##### MATERIALS PROVIDED #####

definition flip_spin :: "nat \<Rightarrow> (nat \<Rightarrow> int) \<Rightarrow> nat \<Rightarrow> int" where
  "flip_spin w \<sigma> = \<sigma>(w := - \<sigma> w)"

definition monochromatic :: "nat set \<Rightarrow> (nat \<Rightarrow> int) \<Rightarrow> bool" where
  "monochromatic e \<sigma> \<longleftrightarrow> (\<exists>u v. e = {u, v} \<and> \<sigma> u = \<sigma> v)"

lemma flip_spin_flip_spin [simp]: "flip_spin w (flip_spin w \<sigma>) = \<sigma>"
  by (auto simp: flip_spin_def)

lemma inj_flip_spin: "inj (flip_spin w)"
  by (metis flip_spin_flip_spin injI)

lemma flip_spin_in_spins: "w \<in> V \<Longrightarrow> \<sigma> \<in> spins V \<Longrightarrow> flip_spin w \<sigma> \<in> spins V"
  unfolding spins_def flip_spin_def by (auto simp: PiE_iff extensional_def)

lemma monochromatic_cong: "(\<And>z. z \<in> e \<Longrightarrow> \<sigma> z = \<tau> z) \<Longrightarrow> monochromatic e \<sigma> = monochromatic e \<tau>"
  unfolding monochromatic_def by (metis insertCI)

lemma monochromatic_flip_spin_other: "w \<notin> e \<Longrightarrow> monochromatic e (flip_spin w \<sigma>) = monochromatic e \<sigma>"
  by (rule monochromatic_cong) (auto simp: flip_spin_def)

lemma monochromatic_doubleton: "u \<noteq> v \<Longrightarrow> monochromatic {u, v} \<sigma> \<longleftrightarrow> \<sigma> u = \<sigma> v"
  unfolding monochromatic_def by (auto simp: doubleton_eq_iff)

lemma mono_edges_eq_sum:
  "finite E \<Longrightarrow> real (mono_edges E \<sigma>) = (\<Sum>e\<in>E. of_bool (monochromatic e \<sigma>))"
  unfolding mono_edges_def monochromatic_def by (simp add: Collect_conj_eq)

lemma mono_edges_flip_spin_le:
  assumes "finite E"
  shows "mono_edges E (flip_spin w \<sigma>) \<le> mono_edges E \<sigma> + card {e\<in>E. w \<in> e}"
proof -
  let ?I = "\<lambda>\<tau> e. of_bool (monochromatic e \<tau>) :: real"
  have "real (mono_edges E (flip_spin w \<sigma>)) - real (mono_edges E \<sigma>)
      = (\<Sum>e\<in>E. ?I (flip_spin w \<sigma>) e - ?I \<sigma> e)"
    unfolding mono_edges_eq_sum[OF assms] sum_subtractf ..
  also have "\<dots> = (\<Sum>e\<in>E. of_bool (w \<in> e) * (?I (flip_spin w \<sigma>) e - ?I \<sigma> e))"
    by (intro sum.cong refl) (auto simp: of_bool_def monochromatic_flip_spin_other)
  also have "\<dots> \<le> (\<Sum>e\<in>E. of_bool (w \<in> e))"
    by (intro sum_mono) auto
  finally show ?thesis using assms by (simp add: Collect_conj_eq)
qed

text \<open>Only the edge \<open>{u, v}\<close> sees both flips, and it contributes \<open>\<plusminus>2\<close> to the second difference.\<close>
lemma mono_edges_second_difference_ne_0:
  assumes "finite E" "{u, v} \<in> E" "u \<noteq> v" and edges: "\<And>e. e \<in> E \<Longrightarrow> card e = 2"
    and spins: "\<sigma> u \<in> {-1, 1}" "\<sigma> v \<in> {-1, 1}"
  shows "real (mono_edges E (flip_spin u (flip_spin v \<sigma>))) + real (mono_edges E \<sigma>)
       - real (mono_edges E (flip_spin u \<sigma>)) - real (mono_edges E (flip_spin v \<sigma>)) \<noteq> 0"
proof -
  define d where "d e = of_bool (monochromatic e (flip_spin u (flip_spin v \<sigma>))) + of_bool (monochromatic e \<sigma>)
    - of_bool (monochromatic e (flip_spin u \<sigma>)) - (of_bool (monochromatic e (flip_spin v \<sigma>)) :: real)" for e
  have d_other: "d e = 0" if "e \<in> E" "e \<noteq> {u, v}" for e
  proof -
    have "\<not> {u, v} \<subseteq> e"
      using that edges \<open>u \<noteq> v\<close> by (metis card.infinite card_2_iff card_subset_eq zero_neq_numeral)
    moreover have "monochromatic e (flip_spin u (flip_spin v \<sigma>)) = monochromatic e (flip_spin u \<sigma>)" if "v \<notin> e"
      using that \<open>u \<noteq> v\<close> by (intro monochromatic_cong) (auto simp: flip_spin_def)
    ultimately show ?thesis
      unfolding d_def by (auto simp: monochromatic_flip_spin_other)
  qed
  have "real (mono_edges E (flip_spin u (flip_spin v \<sigma>))) + real (mono_edges E \<sigma>)
       - real (mono_edges E (flip_spin u \<sigma>)) - real (mono_edges E (flip_spin v \<sigma>)) = sum d E"
    unfolding mono_edges_eq_sum[OF assms(1)] d_def sum.distrib sum_subtractf ..
  also have "\<dots> = d {u, v}"
    using assms(1,2) d_other by (subst sum.mono_neutral_right[of E "{{u, v}}"]) auto
  also have "\<dots> \<noteq> 0"
    unfolding d_def using \<open>u \<noteq> v\<close> spins by (auto simp: monochromatic_doubleton flip_spin_def)
  finally show ?thesis .
qed

lemma finite_spins: "finite V \<Longrightarrow> finite (spins V)"
  unfolding spins_def by (simp add: finite_PiE)

lemma spins_nonempty: "spins V \<noteq> {}"
proof -
  have "restrict (\<lambda>_. 1) V \<in> spins V" unfolding spins_def by auto
  then show ?thesis by blast
qed

lemma ising_Z_pos: "finite V \<Longrightarrow> 0 < \<gamma> \<Longrightarrow> 0 < ising_Z V E \<gamma>"
  unfolding ising_Z_def using finite_spins spins_nonempty by (intro sum_pos) auto

lemma regular_graph_has_edge:
  assumes "regular_graph \<Delta> V E" "V \<noteq> {}" "0 < \<Delta>"
  shows "\<exists>u v. {u, v} \<in> E"
proof -
  obtain w where "w \<in> V" using assms(2) by blast
  then have "card {e\<in>E. w \<in> e} \<noteq> 0" using assms(1,3) unfolding regular_graph_def by simp
  then obtain e where "e \<in> E" by fastforce
  then have "card e = 2" using assms(1) unfolding regular_graph_def simple_graph_def by blast
  then show ?thesis using \<open>e \<in> E\<close> by (metis card_2_iff)
qed

lemma ising_level_set_weight_le:
  fixes g :: real
  assumes graph: "simple_graph V E" and edge: "{u, v} \<in> E"
    and degree: "\<And>w. w \<in> V \<Longrightarrow> card {e\<in>E. w \<in> e} \<le> D" and g: "0 < g" "g \<le> 1"
  shows "g ^ (2 * D) * (\<Sum>\<sigma>\<in>{\<sigma>\<in>spins V. mono_edges E \<sigma> = x}. g ^ mono_edges E \<sigma>)
      \<le> 3 * (\<Sum>\<sigma>\<in>{\<sigma>\<in>spins V. mono_edges E \<sigma> \<noteq> x}. g ^ mono_edges E \<sigma>)"
proof -
  let ?m = "mono_edges E" and ?w = "\<lambda>\<sigma>. g ^ mono_edges E \<sigma>"
  define A where "A = {\<sigma>\<in>spins V. ?m \<sigma> = x}"
  define H where "H = {flip_spin u, flip_spin v, flip_spin u \<circ> flip_spin v}"
  have "finite V" and edges: "\<And>e. e \<in> E \<Longrightarrow> card e = 2" "\<And>e. e \<in> E \<Longrightarrow> e \<subseteq> V"
    using graph unfolding simple_graph_def by auto
  then have "finite E" by (meson Pow_iff finite_Pow_iff finite_subset subsetI)
  have "u \<noteq> v" using edges(1)[OF edge] by auto
  have "u \<in> V" "v \<in> V" using edges(2)[OF edge] by auto
  have flip_le: "?m (flip_spin w \<sigma>) \<le> ?m \<sigma> + D" if "w \<in> V" for w \<sigma>
    using mono_edges_flip_spin_le[OF \<open>finite E\<close>, of w \<sigma>] degree[OF that] by simp
  have card_H: "card H \<le> (3::real)" unfolding H_def by (simp add: card_insert_if)
  have "g ^ (2 * D) * sum ?w A \<le> card H * sum ?w (spins V - A)"
  proof (rule sum_le_card_mult_sum_by_escaping_maps)
    show "finite (spins V)" using \<open>finite V\<close> by (rule finite_spins)
    show "inj_on h A" if "h \<in> H" for h
      using that inj_flip_spin unfolding H_def by (auto intro: inj_on_subset[of _ UNIV] inj_compose)
    show "\<exists>h\<in>H. h \<sigma> \<in> spins V - A" if "\<sigma> \<in> A" for \<sigma>
    proof -
      have "\<sigma> u \<in> {-1, 1}" "\<sigma> v \<in> {-1, 1}"
        using that \<open>u \<in> V\<close> \<open>v \<in> V\<close> unfolding A_def spins_def by auto
      from mono_edges_second_difference_ne_0[OF \<open>finite E\<close> edge \<open>u \<noteq> v\<close> edges(1) this]
      have "\<exists>h\<in>H. ?m (h \<sigma>) \<noteq> x" using that unfolding A_def H_def by auto
      moreover have "h \<sigma> \<in> spins V" if "h \<in> H" for h
        using that \<open>\<sigma> \<in> A\<close> \<open>u \<in> V\<close> \<open>v \<in> V\<close> unfolding A_def H_def by (auto simp: flip_spin_in_spins)
      ultimately show ?thesis unfolding A_def by blast
    qed
    show "g ^ (2 * D) * ?w \<sigma> \<le> ?w (h \<sigma>)" if "h \<in> H" for h \<sigma>
    proof -
      have "?m (h \<sigma>) \<le> ?m \<sigma> + 2 * D"
        using that flip_le[OF \<open>u \<in> V\<close>, of \<sigma>] flip_le[OF \<open>v \<in> V\<close>, of \<sigma>]
          flip_le[OF \<open>u \<in> V\<close>, of "flip_spin v \<sigma>"] unfolding H_def by auto
      then have "g ^ (?m \<sigma> + 2 * D) \<le> ?w (h \<sigma>)" using g by (intro power_decreasing) auto
      then show ?thesis by (simp add: power_add mult.commute)
    qed
  qed (use g in \<open>auto simp: H_def A_def\<close>)
  also have "\<dots> \<le> 3 * sum ?w (spins V - A)"
    using card_H g by (intro mult_right_mono sum_nonneg) auto
  finally have "g ^ (2 * D) * sum ?w A \<le> 3 * sum ?w (spins V - A)" .
  moreover have "spins V - A = {\<sigma>\<in>spins V. ?m \<sigma> \<noteq> x}" unfolding A_def by blast
  ultimately show ?thesis unfolding A_def by simp
qed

#####

> [EXERCISE DIRECTIONS]: Check each line of the data above for the string "longleftrightarrow" and report only how many lines have it.

> [EXERCISE RESULT]: 2